Figure 1. Model proposed in this study.
3. Hypotheses development
EC is a central characteristic of the entrepreneurial profile. Recent studies emphasize that entrepreneurs generate original ideas, identify opportunities, and solve problems in innovative ways (Castro et al., 2022; Powers et al., 2021). In educational contexts, EC is strengthened through ET processes designed to stimulate innovative thinking and promote entrepreneurship-related activities. Entrepreneurial teaching integrates active methodologies, simulations, experiential learning, and instruction aimed at developing creative skills (Gorevaya & Pasko, 2021; Miranda et al., 2020; Salamzadeh et al., 2022). Since EC enhances students’ ability to engage in educational activities linked to entrepreneurship, it is reasonable to expect that students with higher EC will perceive university-based ET as a learning environment that complements and strengthens their abilities. Therefore, the first hypothesis is proposed:
H1: EC has a positive effect on the stage of ET in entrepreneurship education.

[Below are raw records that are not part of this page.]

lemma le_mix_lowerI:
  assumes q: "\<And>i. 0 \<le> q i" "q sums 1" and "\<alpha> \<in> {0..1}"
    and le: "\<And>a. (\<And>i. a i \<in> {0..1}) \<Longrightarrow> (\<lambda>i. q i * a i) sums \<alpha> \<Longrightarrow> c \<le> (\<Sum>i. q i * f i (a i))"
  shows "c \<le> mix_lower q f \<alpha>"
  unfolding mix_lower_def
proof (rule cInf_greatest)
  have "(\<lambda>i. q i * \<alpha>) sums \<alpha>"
    using sums_mult2[OF q(2), of \<alpha>] by simp
  then show "{\<Sum>i. q i * f i (a i) |a. (\<forall>i. a i \<in> {0..1}) \<and> (\<Sum>i. q i * a i) = \<alpha>} \<noteq> {}"
    using assms(3) by (auto simp: sums_iff intro!: exI[where x = "\<lambda>_. \<alpha>"])
next
  fix x assume "x \<in> {\<Sum>i. q i * f i (a i) |a. (\<forall>i. a i \<in> {0..1}) \<and> (\<Sum>i. q i * a i) = \<alpha>}"
  then obtain a where a: "\<And>i. a i \<in> {0..1}" "(\<Sum>i. q i * a i) = \<alpha>" and x: "x = (\<Sum>i. q i * f i (a i))"
    by blast
  have "summable (\<lambda>i. q i * a i)"
    using weighted_mean_in_atLeastAtMost(1)[OF q a(1)] .
  then show "c \<le> x"
    unfolding x using a by (intro le) (auto simp: sums_iff)
qed
(* Let $a,b,c,d\ge0$ be integers and $\mathcal Z=R_{a+b,c}\cup R_{a,c+d}$. Then $\gamma_{\rm thin}(\mathcal Z)\ge bc+ad-b-d$.
   Context: $\mathbb Z_+=\{0,1,2,\dots\}$, $R_{a,b}=([0,a-1]\times[0,b-1])\cap\mathbb Z_+^2$ (empty if $a=0$ or $b=0$); a zero-set is a union of such rectangles. $\mathrm{row}(x,A),\mathrm{col}(x,A)$ count points of $A$ on the horizontal/vertical line through $x$; $\mathcal T(A)=A\cup\{x\notin A:(\mathrm{row}(x,A),\mathrm{col}(x,A))\notin\mathcal Z\}$; $A$ spans if $\bigcup_t\mathcal T^t(A)=\mathbb Z_+^2$. A set is thin if each of its points has no other point of the set on its horizontal line or no other point of the set on its vertical line; $\gamma_{\rm thin}(\mathcal Z)$ is the minimal size of a thin finite spanning set. *)

theory Defs
  imports Main "HOL-Library.Extended_Nat"
begin

type_synonym point = "nat \<times> nat"

definition Rect :: "nat \<Rightarrow> nat \<Rightarrow> point set" where
  "Rect a b = {(i, j). i < a \<and> j < b}"

definition ecount :: "point set \<Rightarrow> enat" where
  "ecount S = (if finite S then enat (card S) else \<infinity>)"

definition row :: "point \<Rightarrow> point set \<Rightarrow> enat" where
  "row x A = ecount {y \<in> A. snd y = snd x}"

definition col :: "point \<Rightarrow> point set \<Rightarrow> enat" where
  "col x A = ecount {y \<in> A. fst y = fst x}"

definition in_zero :: "point set \<Rightarrow> enat \<Rightarrow> enat \<Rightarrow> bool" where
  "in_zero Z r c = (\<exists>i j. (i, j) \<in> Z \<and> r = enat i \<and> c = enat j)"

definition T :: "point set \<Rightarrow> point set \<Rightarrow> point set" where
  "T Z A = A \<union> {x. x \<notin> A \<and> \<not> in_zero Z (row x A) (col x A)}"

definition spans :: "point set \<Rightarrow> point set \<Rightarrow> bool" where
  "spans Z A = ((\<Union>t. (T Z ^^ t) A) = UNIV)"

definition thin :: "point set \<Rightarrow> bool" where
  "thin A = (\<forall>x\<in>A. (\<forall>y\<in>A. snd y = snd x \<longrightarrow> y = x) \<or> (\<forall>y\<in>A. fst y = fst x \<longrightarrow> y = x))"

definition gamma_thin :: "point set \<Rightarrow> enat" where
  "gamma_thin Z = (INF A \<in> {A. finite A \<and> thin A \<and> spans Z A}. enat (card A))"

end

theory Submission
  imports Defs
begin

(* Follow the infection from a thin spanning set A one point at a time; a finite
   prefix of this process fills any finite region, because the zero-set is finite and
   down-closed.  Call a column saturated once it holds c + d points and a row once it holds
   a + b points, and fix the a - 1 columns and the c - 1 rows that saturate first.
   When one of these columns saturates, its points in rows with fewer than a points are
   initial, and of the remaining ones at most c - 1 lie in the chosen rows; so at least
   d + 1 of them are initial or "hits" of a further row holding a points.  A hit of row r
   is paid for by initial points of r whose columns were still unsaturated when r reached
   a points.  This charges (a - 1)(d + 1) distinct points of A, and the transposed argument
   charges another (c - 1)(b + 1), disjoint from the first ones by thinness and timing.
   As (a - 1)(d + 1) + (c - 1)(b + 1) >= bc + ad - b - d when a, c >= 1, the bound follows.
   For a = 0 the zero-set is the rectangle R_{b,c}, which is also the L-shape for
   (1, b - 1, c, 0) unless b <= 1; for b = 1 the set A must occupy c rows.  The case c = 0
   is the transposed one. *)

section \<open>Points on lines\<close>

definition row_count :: "point set \<Rightarrow> nat \<Rightarrow> nat" where
  "row_count S j = card {y \<in> S. snd y = j}"

definition col_count :: "point set \<Rightarrow> nat \<Rightarrow> nat" where
  "col_count S i = card {y \<in> S. fst y = i}"

lemma row_count_mono: "finite S' \<Longrightarrow> S \<subseteq> S' \<Longrightarrow> row_count S j \<le> row_count S' j"
  unfolding row_count_def by (rule card_mono) auto

lemma col_count_mono: "finite S' \<Longrightarrow> S \<subseteq> S' \<Longrightarrow> col_count S i \<le> col_count S' i"
  unfolding col_count_def by (rule card_mono) auto

lemma pair_mem_swap_image [simp]: "(x, y) \<in> prod.swap ` Z \<longleftrightarrow> (y, x) \<in> Z"
  by force

lemma row_count_swap [simp]: "row_count (prod.swap ` S) j = col_count S j"
proof -
  have "{y \<in> prod.swap ` S. snd y = j} = prod.swap ` {y \<in> S. fst y = j}" by force
  then show ?thesis
    unfolding row_count_def col_count_def by (simp add: card_image)
qed

lemma col_count_swap [simp]: "col_count (prod.swap ` S) i = row_count S i"
  using row_count_swap[of "prod.swap ` S" i] by (simp add: image_image)

lemma thin_swap [simp]: "thin (prod.swap ` A) \<longleftrightarrow> thin A"
  unfolding thin_def by (simp add: prod_eq_iff disj_commute)

lemma thin_row_or_col_le_1:
  assumes "thin A" "x \<in> A"
  shows "row_count A (snd x) \<le> 1 \<or> col_count A (fst x) \<le> 1"
proof -
  have "{y \<in> A. snd y = snd x} \<subseteq> {x} \<or> {y \<in> A. fst y = fst x} \<subseteq> {x}"
    using assms unfolding thin_def by blast
  then show ?thesis
    unfolding row_count_def col_count_def using card_mono[of "{x}"] by fastforce
qed

lemma card_le_row_count:
  assumes "finite S" "W \<subseteq> {y \<in> S. snd y = j}"
  shows "card W \<le> row_count S j"
  unfolding row_count_def using assms by (intro card_mono) auto

lemma card_le_col_count:
  assumes "finite S" "W \<subseteq> {y \<in> S. fst y = i}"
  shows "card W \<le> col_count S i"
  unfolding col_count_def using assms by (intro card_mono) auto

lemma finite_col_count_ge: "finite S \<Longrightarrow> 0 < m \<Longrightarrow> finite {i. m \<le> col_count S i}"
proof -
  assume "finite S" "0 < m"
  have "{i. m \<le> col_count S i} \<subseteq> fst ` S"
  proof
    fix i assume "i \<in> {i. m \<le> col_count S i}"
    then have "0 < card {y \<in> S. fst y = i}" using \<open>0 < m\<close> by (simp add: col_count_def)
    then have "{y \<in> S. fst y = i} \<noteq> {}" by (simp add: card_gt_0_iff)
    then show "i \<in> fst ` S" by force
  qed
  then show ?thesis using \<open>finite S\<close> finite_subset by blast
qed
lemma closed_shifted_range:
  assumes "t > 0"
  shows "closed ((\<lambda>x. t *\<^sub>R x + C x) ` D)"
  unfolding closed_sequential_limits
proof (intro allI impI, elim conjE)
  fix s l assume "\<forall>n. s n \<in> (\<lambda>x. t *\<^sub>R x + C x) ` D" and "s \<longlonglongrightarrow> l"
  then have "\<forall>n. \<exists>x. x \<in> D \<and> s n = t *\<^sub>R x + C x"
    by blast
  then obtain x where xD: "\<And>n. x n \<in> D" and s_eq: "\<And>n. s n = t *\<^sub>R x n + C (x n)"
    by metis
  have shifted_diff: "s m - s n = t *\<^sub>R (x m - x n) + C (x m - x n)" for m n
    using s_eq C_diff[OF xD xD] by (simp add: algebra_simps)
  have "Cauchy x"
  proof (rule CauchyI)
    fix e :: real assume "e > 0"
    then obtain M where M: "\<And>m n. M \<le> m \<Longrightarrow> M \<le> n \<Longrightarrow> norm (s m - s n) < t * e"
      using CauchyD[OF LIMSEQ_imp_Cauchy[OF \<open>s \<longlonglongrightarrow> l\<close>], of "t * e"] \<open>t > 0\<close> by auto
    have "t * norm (x m - x n) < t * e" if "M \<le> m" "M \<le> n" for m n
    proof -
      have "t * norm (x m - x n) \<le> norm (s m - s n)"
        unfolding shifted_diff using \<open>t > 0\<close>
        by (intro norm_le_norm_shifted subspace_diff[OF subspace_domain xD xD]) simp
      also have "\<dots> < t * e"
        by (rule M[OF that])
      finally show ?thesis .
    qed
    then show "\<exists>M. \<forall>m\<ge>M. \<forall>n\<ge>M. norm (x m - x n) < e"
      using \<open>t > 0\<close> mult_less_cancel_left_pos by blast
  qed
  then obtain a where "x \<longlonglongrightarrow> a"
    using Cauchy_convergent_iff convergent_def by blast
  moreover have "(\<lambda>n. C (x n)) \<longlonglongrightarrow> l - t *\<^sub>R a"
    using tendsto_diff[OF \<open>s \<longlonglongrightarrow> l\<close> tendsto_scaleR[OF tendsto_const[where k = t] \<open>x \<longlonglongrightarrow> a\<close>]]
    by (simp add: s_eq)
  ultimately have "a \<in> D" and "C a = l - t *\<^sub>R a"
    using closed_graph[where x = x, OF xD] by blast+
  then show "l \<in> (\<lambda>x. t *\<^sub>R x + C x) ` D"
    by (intro image_eqI[of _ _ a]) auto
qed
(* Let $(\vec S,\le,{}^* )$ be a separation system, let $\mathcal F\subseteq 2^{\vec S}$ be a set of stars, and let $(T,\alpha)$ be an irredundant $S$-tree over $\mathcal F$. Let $e,f$ be distinct edges of $T$ with orientations $\vec e<\overleftarrow f$ (in the natural partial ordering of $\vec E(T)$) such that $\alpha(\vec e)=\alpha(\vec f)=:\vec r$. Then $\vec r$ is trivial in $\vec S$. In particular, $T$ cannot have two distinct leaves both associated with the same star $\{\overleftarrow r\}$ unless $\vec r$ is trivial, or $T$ has only one edge $e$ and $\alpha(\vec e)=\alpha(\overleftarrow e)$ is degenerate.
   Context: A separation system $(\vec S,\le,{}^* )$ is a partially ordered set $\vec S$ together with an involution ${}^*$ that is order-reversing, i.e. $\vec r\le\vec s\iff \vec r^{\,*}\ge\vec s^{\,*}$. For $\vec s\in\vec S$ we write $\overleftarrow s:=\vec s^{\,*}$. A separation is a set $s=\{\vec s,\overleftarrow s\}$; $S$ denotes the set of all separations; $s$ and $\vec s$ are degenerate if $\vec s=\overleftarrow s$. An element $\vec r\in\vec S$ is trivial in $\vec S$ if there is $s\in S$ with $\vec r<\vec s$ and $\vec r<\overleftarrow s$. A star is a nonempty set $\sigma\subseteq\vec S$ such that $\vec r\le\overleftarrow s$ for all distinct $\vec r,\vec s\in\sigma$. An $S$-tree is a pair $(T,\alpha)$ where $T$ is a finite tree with at least one edge and $\alpha:\vec E(T)\to\vec S$, with $\vec E(T)=\{(x,y):\{x,y\}\in E(T)\}$, satisfies $\alpha(y,x)=\alpha(x,y)^*$ for every edge $xy$. For a node $t$ let $\vec F_t=\{(x,t):xt\in E(T)\}$; $\alpha(\vec F_t)$ is said to be associated with $t$. The $S$-tree is over $\mathcal F\subseteq 2^{\vec S}$ if $\alpha(\vec F_t)\in\mathcal F$ for every node $t$. It is redundant if some node $t$ has distinct neighbours $t',t''$ with $\alpha(t',t)=\alpha(t'',t)$, and irredundant otherwise. The natural partial ordering on $\vec E(T)$ is defined by $(x,y)<(u,v)$ if $\{x,y\}\neq\{u,v\}$ and the unique path in $T$ that meets $\{x,y\}$ only in its first vertex and $\{u,v\}$ only in its last vertex starts at $y$ and ends at $u$. For an edge $e=xy$, $\vec e$ and $\overleftarrow e$ denote its two orientations $(x,y),(y,x)$. *)

theory Defs
  imports Main
begin

definition sep_system :: "'a set \<Rightarrow> ('a \<Rightarrow> 'a \<Rightarrow> bool) \<Rightarrow> ('a \<Rightarrow> 'a) \<Rightarrow> bool" where
  "sep_system SS le invol \<longleftrightarrow>
     (\<forall>r\<in>SS. le r r) \<and>
     (\<forall>r\<in>SS. \<forall>s\<in>SS. le r s \<and> le s r \<longrightarrow> r = s) \<and>
     (\<forall>r\<in>SS. \<forall>s\<in>SS. \<forall>t\<in>SS. le r s \<and> le s t \<longrightarrow> le r t) \<and>
     (\<forall>r\<in>SS. invol r \<in> SS \<and> invol (invol r) = r) \<and>
     (\<forall>r\<in>SS. \<forall>s\<in>SS. le r s \<longleftrightarrow> le (invol s) (invol r))"

definition sep_less :: "('a \<Rightarrow> 'a \<Rightarrow> bool) \<Rightarrow> 'a \<Rightarrow> 'a \<Rightarrow> bool" where
  "sep_less le r s \<longleftrightarrow> le r s \<and> r \<noteq> s"

definition trivial_sep :: "'a set \<Rightarrow> ('a \<Rightarrow> 'a \<Rightarrow> bool) \<Rightarrow> ('a \<Rightarrow> 'a) \<Rightarrow> 'a \<Rightarrow> bool" where
  "trivial_sep SS le invol r \<longleftrightarrow> (\<exists>s\<in>SS. sep_less le r s \<and> sep_less le r (invol s))"

definition is_star :: "'a set \<Rightarrow> ('a \<Rightarrow> 'a \<Rightarrow> bool) \<Rightarrow> ('a \<Rightarrow> 'a) \<Rightarrow> 'a set \<Rightarrow> bool" where
  "is_star SS le invol \<sigma> \<longleftrightarrow> \<sigma> \<noteq> {} \<and> \<sigma> \<subseteq> SS \<and>
     (\<forall>r\<in>\<sigma>. \<forall>s\<in>\<sigma>. r \<noteq> s \<longrightarrow> le r (invol s))"

definition is_path :: "'v set \<Rightarrow> 'v set set \<Rightarrow> 'v list \<Rightarrow> bool" where
  "is_path V E P \<longleftrightarrow> P \<noteq> [] \<and> distinct P \<and> set P \<subseteq> V \<and>
     (\<forall>i. Suc i < length P \<longrightarrow> {P ! i, P ! Suc i} \<in> E)"

definition is_tree :: "'v set \<Rightarrow> 'v set set \<Rightarrow> bool" where
  "is_tree V E \<longleftrightarrow> finite V \<and> V \<noteq> {} \<and>
     (\<forall>e\<in>E. \<exists>x y. e = {x, y} \<and> x \<noteq> y \<and> x \<in> V \<and> y \<in> V) \<and>
     (\<forall>x\<in>V. \<forall>y\<in>V. \<exists>P. is_path V E P \<and> hd P = x \<and> last P = y) \<and>
     \<not> (\<exists>C. length C \<ge> 3 \<and> is_path V E C \<and> {last C, hd C} \<in> E)"

definition oriented_edges :: "'v set set \<Rightarrow> ('v \<times> 'v) set" where
  "oriented_edges E = {(x, y). {x, y} \<in> E}"

definition F_at :: "'v set set \<Rightarrow> 'v \<Rightarrow> ('v \<times> 'v) set" where
  "F_at E t = {(x, t) | x. {x, t} \<in> E}"

definition is_leaf :: "'v set set \<Rightarrow> 'v \<Rightarrow> bool" where
  "is_leaf E t \<longleftrightarrow> card {x. {x, t} \<in> E} = 1"

definition edge_less :: "'v set \<Rightarrow> 'v set set \<Rightarrow> 'v \<times> 'v \<Rightarrow> 'v \<times> 'v \<Rightarrow> bool" where
  "edge_less V E xy uv \<longleftrightarrow> (case xy of (x, y) \<Rightarrow> case uv of (u, v) \<Rightarrow>
     {x, y} \<noteq> {u, v} \<and>
     (\<exists>P. is_path V E P \<and> hd P = y \<and> last P = u \<and>
          set P \<inter> {x, y} = {y} \<and> set P \<inter> {u, v} = {u}))"
lemma tps_warp_contains_free_translations:
  assumes "tps_warp d l \<beta> Z \<mu>"
  shows "contains_free_translations d l \<beta> Z \<mu>"
proof -
  obtain c lam where invK: "invertible_mat (tps_K d l c lam)"
    and invG: "invertible_mat (tps_Ctil d l c * minv (tps_K d l c lam) * (tps_Ctil d l c)\<^sup>T)"
    and sqrt: "is_psd_sqrt Z (tps_Ebar d l c lam)"
    and \<beta>: "\<forall>p\<in>carrier_vec d. \<beta> p = tps_beta d l c lam p"
    using assms unfolding tps_warp_def by blast
  define C where "C = tps_Ctil d l c"
  define Ki where "Ki = minv (tps_K d l c lam)"
  define Gi where "Gi = minv (C * Ki * C\<^sup>T)"
  define e :: "real vec" where "e = unit_vec (d + 1) d"
  define x where "x = C\<^sup>T *\<^sub>v e"
  have C: "C \<in> carrier_mat (d + 1) l" unfolding C_def tps_Ctil_def by simp
  have CT: "C\<^sup>T \<in> carrier_mat l (d + 1)" using C by simp
  have Ki: "Ki \<in> carrier_mat l l"
    unfolding Ki_def by (rule minv_inverse(1)[OF _ invK]) (simp add: tps_K_def)
  have CKC: "C * Ki * C\<^sup>T \<in> carrier_mat (d + 1) (d + 1)"
    using mult_carrier_mat[OF mult_carrier_mat[OF C Ki] CT] .
  note Gi = minv_inverse[OF CKC invG[folded C_def Ki_def], folded Gi_def]
  have e: "e \<in> carrier_vec (d + 1)" unfolding e_def by simp
  have x: "x \<in> carrier_vec l" unfolding x_def using CT e by (rule mult_mat_vec_carrier)
  note schur = schur_complement_mult_transpose[OF Ki C Gi(1) Gi(3) e, folded x_def]
  have Ebar: "tps_Ebar d l c lam = Ki - Ki * C\<^sup>T * Gi * C * Ki"
    unfolding tps_Ebar_def Let_def C_def Ki_def Gi_def ..
  have lower: "Gi * C * Ki \<in> carrier_mat (d + 1) l"
    using mult_carrier_mat[OF mult_carrier_mat[OF Gi(1) C] Ki] .
  have "Ki * C\<^sup>T * Gi \<in> carrier_mat l (d + 1)"
    using mult_carrier_mat[OF mult_carrier_mat[OF Ki CT] Gi(1)] .
  then have "Ki * C\<^sup>T * Gi * C * Ki \<in> carrier_mat l l"
    using mult_carrier_mat[OF mult_carrier_mat[OF _ C] Ki] by blast
  then have Ebar_carrier: "tps_Ebar d l c lam \<in> carrier_mat l l"
    unfolding Ebar by (rule minus_carrier_mat)
  have E: "tps_E d l c lam = tps_Ebar d l c lam @\<^sub>r (Gi * C * Ki)"
    unfolding tps_E_def Let_def C_def Ki_def Gi_def ..
  have E_carrier: "tps_E d l c lam \<in> carrier_mat (l + (d + 1)) l"
    unfolding E using Ebar_carrier lower by (rule carrier_append_rows)
  have Ex: "tps_E d l c lam *\<^sub>v x = 0\<^sub>v l @\<^sub>v e"
    unfolding E mat_mult_append[OF Ebar_carrier lower x] using schur by (simp add: Ebar)
  have "\<beta> p \<bullet> x = 1" if p: "p \<in> carrier_vec d" for p
  proof -
    define \<phi> where "\<phi> = vec l (\<lambda>j. tps_phi d (vnorm (p - c j)))"
    define q where "q = p @\<^sub>v ones_vec 1"
    have q: "q \<in> carrier_vec (d + 1)"
      unfolding q_def using p by (intro append_carrier_vec) (simp_all add: ones_vec_def)
    have \<phi>: "\<phi> \<in> carrier_vec l" unfolding \<phi>_def by simp
    have w: "\<phi> @\<^sub>v q \<in> carrier_vec (l + (d + 1))" using \<phi> q by (rule append_carrier_vec)
    have "\<beta> p \<bullet> x = ((tps_E d l c lam)\<^sup>T *\<^sub>v (\<phi> @\<^sub>v q)) \<bullet> x"
      using \<beta> p by (simp add: tps_beta_def \<phi>_def q_def)
    also have "\<dots> = (\<phi> @\<^sub>v q) \<bullet> (tps_E d l c lam *\<^sub>v x)"
      by (rule transpose_vec_mult_scalar[OF E_carrier x w])
    also have "\<dots> = q \<bullet> e"
      unfolding Ex scalar_prod_append[OF \<phi> q zero_carrier_vec e] using \<phi> by simp
    also have "\<dots> = 1" unfolding q_def e_def using p by (rule append_one_scalar_prod_unit_vec)
    finally show ?thesis .
  qed
  moreover have "Z *\<^sub>v x = 0\<^sub>v (dim_row Z)"
  proof -
    have "psd Z" and Z_dim: "dim_row Z = l" and ZZ: "Z * Z = tps_Ebar d l c lam"
      using sqrt Ebar_carrier unfolding is_psd_sqrt_def by auto
    then have Z: "Z \<in> carrier_mat l l" and "Z\<^sup>T = Z" unfolding psd_def by auto
    then have "(Z\<^sup>T * Z) *\<^sub>v x = 0\<^sub>v l" using schur(2) by (simp add: ZZ Ebar)
    then show ?thesis using gram_mult_vec_eq_0_imp_mult_vec_eq_0[OF Z x] Z_dim by simp
  qed
  ultimately show ?thesis unfolding contains_free_translations_def using x by blast
qed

The entrepreneurship literature argues that EC enables individuals to identify opportunities, reorganize information, and confront problems in original ways (Anjum et al., 2021; Shahab et al., 2019). These capabilities are essential for PP, understood as the real or simulated application of entrepreneurial skills. PP is expressed in a student’s ability to act in real settings, resolve situations, and formulate initiatives (Tan et al., 2024; Vankov & Wang, 2024). Students with higher EC tend to generate novel solutions and act with greater flexibility, contributing to stronger PP in entrepreneurial activities. Caballero et al. (2019) note that EC supports adaptation to changing environments, a key element for developing practical competencies. Therefore, the second hypothesis is proposed:
H2: EC has a positive effect on PP in entrepreneurship education.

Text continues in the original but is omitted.